Venezuela’s socialist president was one of the greatest populists of all time. Like most populists, his ideology was eclectic, vague, nationalistic – and not to be taken too seriously. Nonetheless, Chávez was a figure worth taking very seriously indeed. That is why his death in March was the region’s main political event of the year. It marked the demise of a tub-thumping populist and, perhaps, even of Latin American populism itself.
To get a sense of this turning point, look back to the last millennium. Back in 1999, Chávez’s rise to power seemed to mark the beginning of a permanent political shift in the region. Latin America was emerging from the belt-tightening austerity of the 1990s, the so-called lost decade. Soon populist or leftist governments were popping up everywhere. By the mid-2000s, and financed by a swelling commodity price boom, the populist “pink tide” seemed unstoppable. Even Mexico almost succumbed. Now, Latin America is shifting back to the right. The lasting significance of Chávez’s death is that it accelerated the trend.

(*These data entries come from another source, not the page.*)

lemma limitin_glued_along_arc:
  assumes \<sigma>: "range \<sigma> \<subseteq> glued" and x: "x \<in> QS"
    and ev: "eventually (\<lambda>i. \<sigma> i = x @ [y i]) sequentially"
    and y: "y \<longlonglongrightarrow> y0" and y0: "y0 \<in> {0..R x}"
  shows "limitin G.mtopology \<sigma> (x @ [y0]) sequentially"
proof -
  have "eventually (\<lambda>i. glued_dist (\<sigma> i) (x @ [y0]) \<le> \<bar>y i - y0\<bar>) sequentially"
    using ev
  proof (rule eventually_mono)
    fix i assume i: "\<sigma> i = x @ [y i]"
    moreover have "\<sigma> i \<in> glued" using \<sigma> by blast
    ultimately have "y i \<in> {0..R x}" using gluedD(2)[of "\<sigma> i"] x by simp
    then show "glued_dist (\<sigma> i) (x @ [y0]) \<le> \<bar>y i - y0\<bar>"
      using i x y0 theta_r_bounds(2)[OF R_pos[OF x]] by (simp add: glued_dist_arc)
  qed
  then have "(\<lambda>i. glued_dist (\<sigma> i) (x @ [y0])) \<longlonglongrightarrow> 0"
    by (intro tendsto_sandwich[OF _ _ tendsto_const tendsto_rabs_zero[OF LIM_zero[OF y]]]) auto
  moreover have "\<forall>i. \<sigma> i \<in> glued" using \<sigma> by blast
  ultimately show ?thesis
    using glued_arc[OF x y0] by (simp add: G.limitin_metric_dist_null always_eventually)
qed

lemma glued_last_bounded:
  assumes fin: "finite {x \<in> QS. 1 \<le> R x}"
  obtains B where "\<And>a. a \<in> glued \<Longrightarrow> last a \<in> {0..B}"
proof -
  define B where "B = Max (insert 1 (R ` {x \<in> QS. 1 \<le> R x}))"
  have B1: "1 \<le> B" using fin by (simp add: B_def)
  have R: "R x \<le> B" if "x \<in> QS" for x
  proof (cases "1 \<le> R x")
    case True
    then show ?thesis using that fin by (simp add: B_def)
  qed (use B1 in linarith)
  have "last a \<in> {0..B}" if "a \<in> glued" for a
    using gluedD(2,4)[OF that] R[of "butlast a"] B1 by (cases "butlast a \<in> QS") auto
  then show ?thesis by (rule that)
qed

lemma limitin_glued_away_from_feet:
  assumes fin: "\<And>\<epsilon>. 0 < \<epsilon> \<Longrightarrow> finite {x \<in> QS. \<epsilon> \<le> R x}" and \<sigma>: "range \<sigma> \<subseteq> glued"
    and l: "limitin mtopology (\<lambda>i. butlast (\<sigma> i)) l sequentially"
    and y: "(\<lambda>i. last (\<sigma> i)) \<longlonglongrightarrow> ys" and ys: "0 < ys"
  shows "l @ [ys] \<in> glued" "limitin G.mtopology \<sigma> (l @ [ys]) sequentially"
proof -
  have \<sigma>i: "\<sigma> i \<in> glued" for i using \<sigma> by blast
  have "eventually (\<lambda>i. ys / 2 < last (\<sigma> i)) sequentially"
    using ys by (intro order_tendstoD(1)[OF y]) simp
  then have in_QS: "eventually (\<lambda>i. butlast (\<sigma> i) \<in> {x \<in> QS. ys / 2 \<le> R x}) sequentially"
  proof (rule eventually_mono)
    fix i assume "ys / 2 < last (\<sigma> i)"
    then show "butlast (\<sigma> i) \<in> {x \<in> QS. ys / 2 \<le> R x}"
      using ys gluedD(2,4)[OF \<sigma>i[of i]] by (cases "butlast (\<sigma> i) \<in> QS") auto
  qed
  have "eventually (\<lambda>i. butlast (\<sigma> i) = l) sequentially"
    using ys by (intro limitin_eventually_in_finite[OF l in_QS fin]) simp
  then have ev: "eventually (\<lambda>i. butlast (\<sigma> i) = l \<and> l \<in> QS) sequentially"
    using in_QS by eventually_elim auto
  then have lQ: "l \<in> QS" by (auto simp: eventually_sequentially)
  have in_arc: "eventually (\<lambda>i. \<sigma> i = l @ [last (\<sigma> i)]) sequentially"
    using ev by eventually_elim (metis \<sigma>i gluedD(3))
  have "eventually (\<lambda>i. last (\<sigma> i) \<le> R l) sequentially"
    using ev by eventually_elim (metis \<sigma>i gluedD(2) atLeastAtMost_iff)
  then have "ys \<in> {0..R l}" using ys tendsto_upperbound[OF y] by auto
  then show "l @ [ys] \<in> glued" "limitin G.mtopology \<sigma> (l @ [ys]) sequentially"
    using limitin_glued_along_arc[OF \<sigma> lQ in_arc y] glued_arc[OF lQ] by blast+
qed

lemma compact_space_glued:
  assumes cM: "compact_space mtopology" and fin: "\<And>\<epsilon>. 0 < \<epsilon> \<Longrightarrow> finite {x \<in> QS. \<epsilon> \<le> R x}"
  shows "compact_space G.mtopology"
  unfolding G.compact_space_sequentially
proof (intro allI impI)
  fix \<sigma> :: "nat \<Rightarrow> real list" assume \<sigma>: "range \<sigma> \<subseteq> glued"
  obtain B where B: "\<And>a. a \<in> glued \<Longrightarrow> last a \<in> {0..B}" using glued_last_bounded fin[of 1] by auto
  obtain l r1 where l: "l \<in> M" and r1: "strict_mono r1"
    and lim1: "limitin mtopology ((butlast \<circ> \<sigma>) \<circ> r1) l sequentially"
    using cM \<sigma> gluedD(1) unfolding compact_space_sequentially by (metis image_subset_iff o_apply)
  have "(last \<circ> \<sigma> \<circ> r1) i \<in> {0..B}" for i using B \<sigma> by auto
  then obtain ys r2 where r2: "strict_mono r2" and ys: "((last \<circ> \<sigma>) \<circ> r1 \<circ> r2) \<longlonglongrightarrow> ys"
    using seq_compactE[OF compact_imp_seq_compact[OF compact_Icc]] by metis
  define r where "r = r1 \<circ> r2"
  have r: "strict_mono r" unfolding r_def using r1 r2 by (rule strict_mono_o)
  have \<sigma>r: "range (\<sigma> \<circ> r) \<subseteq> glued" using \<sigma> by auto
  have limx: "limitin mtopology (\<lambda>i. butlast ((\<sigma> \<circ> r) i)) l sequentially"
    using limitin_subsequence[OF r2 lim1] by (simp add: r_def o_def)
  have limy: "(\<lambda>i. last ((\<sigma> \<circ> r) i)) \<longlonglongrightarrow> ys" using ys by (simp add: r_def o_def)
  have "0 \<le> ys"
    using \<sigma>r glued_last_nonneg by (intro tendsto_lowerbound[OF limy] always_eventually) auto
  then consider "ys = 0" | "0 < ys" by linarith
  then show "\<exists>l r. l \<in> glued \<and> strict_mono r \<and> limitin G.mtopology (\<sigma> \<circ> r) l sequentially"
  proof cases
    case 1
    then have "limitin G.mtopology (\<sigma> \<circ> r) (l @ [0]) sequentially"
      using limitin_glued_foot[OF \<sigma>r limx] limy by (simp add: o_def)
    then show ?thesis using glued_foot[OF l] r by blast
  next
    case 2
    then show ?thesis using limitin_glued_away_from_feet[OF fin \<sigma>r limx limy] r by blast
  qed
qed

Venezuela’s obvious chaos, social division, high murder rates and near-bankruptcy mean the country is no longer a model for anywhere else, if it ever was. The waning commodity price boom is revealing the economic limits of other populist spendthrifts too. Lacking hard currency, even Argentina is mending fences with international investors and companies. Necessity, it seems, is also the mother of self-reinvention. And while growth in social democratic Brazil has stalled, Mexico is enacting the most important pro-business reforms of a generation. Meanwhile, the other liberal Pacific economies of Colombia, Chile and Peru are steaming ahead. Their investment-led performance is now exerting the region’s most powerful demonstration effect.
Technology has changed the populist game for good. Populism was a top-down affair practised by a near-authoritarian figure who claimed to embody the “will of the people”. Today it is social media that mobilises the populace – as seen in Brazil’s protests for better public services, or Chile’s street marches for cheaper education.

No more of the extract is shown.